De vers silencieux, et sans rythme et sans trame,
Où la rime sans bruit glisse comme une rame,

脚韻が櫂のごとく音も立てずに滑りゆく、
律動も筋道もない詩句、

De vers d’une ancienne étoffe exténuée,
Impalpable comme le son et la nuée,

音や雲のように触れられない、
くたびれた古い布でできた詩句、

De vers de soirs d’automne ensorcelant les heures
Au rite féminin des syllabes mineures,

短調の音節が執り行う女性的な儀式により
時間を魔法にかける秋の夕暮れの詩句、

De vers de soirs d’amours énervés de verveine,
Où l’âme sente, exquise, une caresse à peine...

微かな愛撫を感じ、魂が快に震える、
熊葛ヴェルヴェーヌが昂らせる愛の夕暮れの詩句……

だがこの詩人、陰影ニュアンスしか、ヴェルレーヌ的な陰影しか愛さないであろうこの詩人は、かつて荒々しい色彩派か、あるいは逞しい大理石工であったのかもしれない。この昔の、しかし本物に違いないもうひとりのサマンは、「招魂Évocations」と呼ばれる詩群の端々に姿を現している。彼は高踏派のサマンである。しかし彼は、大げさな文体で語るときさえ常に個性的である。「クレオパトラCléopâtre」と題された2篇の14行詩ソネは、言語の美のみならず観念の美を備えている。それは純粋な音楽でもなければ、純粋な彫刻でもない。その詩篇は欠けるところがなく、かつ生き生きとしている。それはまるで、ひとをとまどわせる奇妙な大理石である。そう、それは生きた大理石であり、その命は砂漠の砂さえ揺り動かし、肥沃にするのである、そばに鎮座するスフィンクスをもしばし惚れさせながら。

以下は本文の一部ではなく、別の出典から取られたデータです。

lemma bij_betw_restrict_permutes:
  "bij_betw (\<lambda>p. restrict p A) {p. p permutes A} {f \<in> A \<rightarrow>\<^sub>E A. bij_betw f A A}"
proof (rule bij_betw_byWitness[where f' = "\<lambda>f x. if x \<in> A then f x else x"])
  show "\<forall>p\<in>{p. p permutes A}. (\<lambda>x. if x \<in> A then restrict p A x else x) = p"
    by (auto simp: fun_eq_iff permutes_def)
  show "\<forall>f\<in>{f \<in> A \<rightarrow>\<^sub>E A. bij_betw f A A}. restrict (\<lambda>x. if x \<in> A then f x else x) A = f"
    by (auto simp: fun_eq_iff PiE_def extensional_def)
  show "(\<lambda>p. restrict p A) ` {p. p permutes A} \<subseteq> {f \<in> A \<rightarrow>\<^sub>E A. bij_betw f A A}"
  proof clarify
    fix p assume "p permutes A"
    then show "restrict p A \<in> A \<rightarrow>\<^sub>E A \<and> bij_betw (restrict p A) A A"
      using permutes_in_image permutes_imp_bij bij_betw_cong[of A p "restrict p A"] by fastforce
  qed
  show "(\<lambda>f x. if x \<in> A then f x else x) ` {f \<in> A \<rightarrow>\<^sub>E A. bij_betw f A A} \<subseteq> {p. p permutes A}"
  proof clarify
    fix f assume "bij_betw f A A"
    then have "bij_betw (\<lambda>x. if x \<in> A then f x else x) A A"
      using bij_betw_cong[of A f "\<lambda>x. if x \<in> A then f x else x"] by simp
    then show "(\<lambda>x. if x \<in> A then f x else x) permutes A" by (rule bij_imp_permutes) simp
  qed
qed
lemma is_subbialgebra_gen_alg:
  assumes X: "X \<subseteq> UG2" and unit: "ucls empty2 \<in> X"
    and mult: "\<And>x y. x \<in> X \<Longrightarrow> y \<in> X \<Longrightarrow> ucls (du (rep x) (rep y)) \<in> X"
    and coprod: "\<And>x F. x \<in> X \<Longrightarrow> F \<subseteq> edges (rep x)
      \<Longrightarrow> ucls (subg (rep x) F) \<in> X \<and> ucls (contr (rep x) F) \<in> X"
  shows "is_subbialgebra (gen_alg X)"
proof -
  have "coprod_basis x \<in> qspan (case_prod gtensor ` (gen_alg X \<times> gen_alg X))" if "x \<in> X" for x
    using coprod_basis_in_qspan[of x X] that X coprod[OF that] by blast
  then have "gcoprod a \<in> qspan (case_prod gtensor ` (gen_alg X \<times> gen_alg X))" if "a \<in> gen_alg X" for a
    using gen_alg_supported_on[OF unit mult that]
    unfolding gcoprod_def supported_on_def by (intro qspan_sum) auto
  then show ?thesis
    unfolding is_subbialgebra_def using is_subalgebra_gen_alg[OF X unit mult] by blast
qed

theorem mainTheorem4:
  fixes VV :: "graph1 set set"
  assumes "VV \<subseteq> UG1"
  shows "is_subbialgebra (gen_alg (cclosure VV))"
proof -
  show ?thesis
    using is_subbialgebra_gen_alg[OF cclosure_subset_UG2 empty2_in_cclosure du_in_cclosure]
      subg_contr_in_cclosure
    by blast
qed

end
lemma climbs_to_ancestor_if_meet_height:
  assumes adj: "\<And>i. n1 \<le> i \<Longrightarrow> i < n2 \<Longrightarrow> tree_adj T (Y i) (Y (Suc i))"
    and "n1 < n2" "1 \<le> l"
    and high: "Min {length (Y n) | n. n1 \<le> n \<and> n \<le> n2} + l \<le> meet_height (Y n1) (Y n2)"
  shows "\<exists>m\<in>{n1..<n2}. climbs_to_ancestor l n1 m n2 Y"
proof -
  obtain m where m: "n1 \<le> m" "m \<le> n2"
    and min: "\<And>s. n1 \<le> s \<Longrightarrow> s \<le> n2 \<Longrightarrow> length (Y m) \<le> length (Y s)"
    and above: "\<And>s. m < s \<Longrightarrow> s \<le> n2 \<Longrightarrow> length (Y m) < length (Y s)"
    using last_time_at_min[of n1 n2 "\<lambda>n. length (Y n)"] \<open>n1 < n2\<close> by auto
  define h where "h = length (Y m)"
  have "Min {length (Y n) | n. n1 \<le> n \<and> n \<le> n2} = h"
    unfolding h_def using m min by (intro Min_eqI) auto
  then have high: "h + l \<le> meet_height (Y n1) (Y n2)"
    using high by simp
  define z where "z = take (h + l) (Y n1)"
  have "h + l \<le> length (Y n1)" "h + l \<le> length (Y n2)"
    using high meet_height_le_length by (metis le_trans)+
  then have z: "length z = h + l" "prefix z (Y n2)"
    using take_meet_height[OF high] take_is_prefix unfolding z_def by auto
  have "m \<noteq> n2"
    using \<open>h + l \<le> length (Y n2)\<close> \<open>1 \<le> l\<close> by (auto simp: h_def)
  then obtain t where t: "t \<in> {m<..n2}" "Y t = z"
    using walk_visits_prefix[of m n2 T Y z] adj m z \<open>1 \<le> l\<close> by (auto simp: h_def)
  have "climbs_to_ancestor l n1 m n2 Y"
    unfolding climbs_to_ancestor_def
    using t above \<open>h + l \<le> length (Y n1)\<close> by (auto simp: z_def h_def)
  then show ?thesis
    using m \<open>m \<noteq> n2\<close> by auto
qed

lemma climbs_to_ancestor_if_detour:
  assumes adj: "\<And>i. n1 \<le> i \<Longrightarrow> i < n2 \<Longrightarrow> tree_adj T (Y i) (Y (Suc i))"
    and "n1 < n2" "1 \<le> l"
    and detour: "2 * real l + real (d_gr T (Y n1) (Y n2)) \<le>
      real (height (Y n1)) + real (height (Y n2)) - 2 * real (Min {height (Y n) | n. n1 \<le> n \<and> n \<le> n2})"
  shows "\<exists>m\<in>{n1..<n2}. climbs_to_ancestor l n1 m n2 Y"
proof (rule climbs_to_ancestor_if_meet_height[where T=T and Y=Y, OF adj \<open>n1 < n2\<close> \<open>1 \<le> l\<close>])
  have "tree_dist (Y n1) (Y n2) \<le> d_gr T (Y n1) (Y n2)"
    by (rule tree_dist_le_d_gr_walk[where T=T and Y=Y, OF adj \<open>n1 < n2\<close>])
  then show "Min {length (Y n) | n. n1 \<le> n \<and> n \<le> n2} + l \<le> meet_height (Y n1) (Y n2)"
    using detour meet_height_le_length[of "Y n1" "Y n2"]
    unfolding tree_dist_def height_def by linarith
qed

lemma nth_append_tl_shift:
  assumes "length ys = Suc m" "zs ! 0 = last ys" "s < length zs"
  shows "(ys @ tl zs) ! (m + s) = zs ! s"
proof (cases s)
  case 0
  then show ?thesis
    using assms by (simp add: nth_append last_conv_nth_Suc)
next
  case (Suc s')
  then show ?thesis
    using assms by (simp add: nth_append nth_tl)
qed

以上がこの詩人である。彼は、あらゆる鐘とあらゆる魂を一斉に震わせる技において、この上ない心地よさを発揮する。あらゆる魂は、この「華やかなドレスに身を包んだ王女infante en robe de parade」に首ったけである。

底本:Remy de Gourmont, Le Livre des masques : portraits symbolistes, Mercure de France, 3e éd., 1896, pp. 65-68.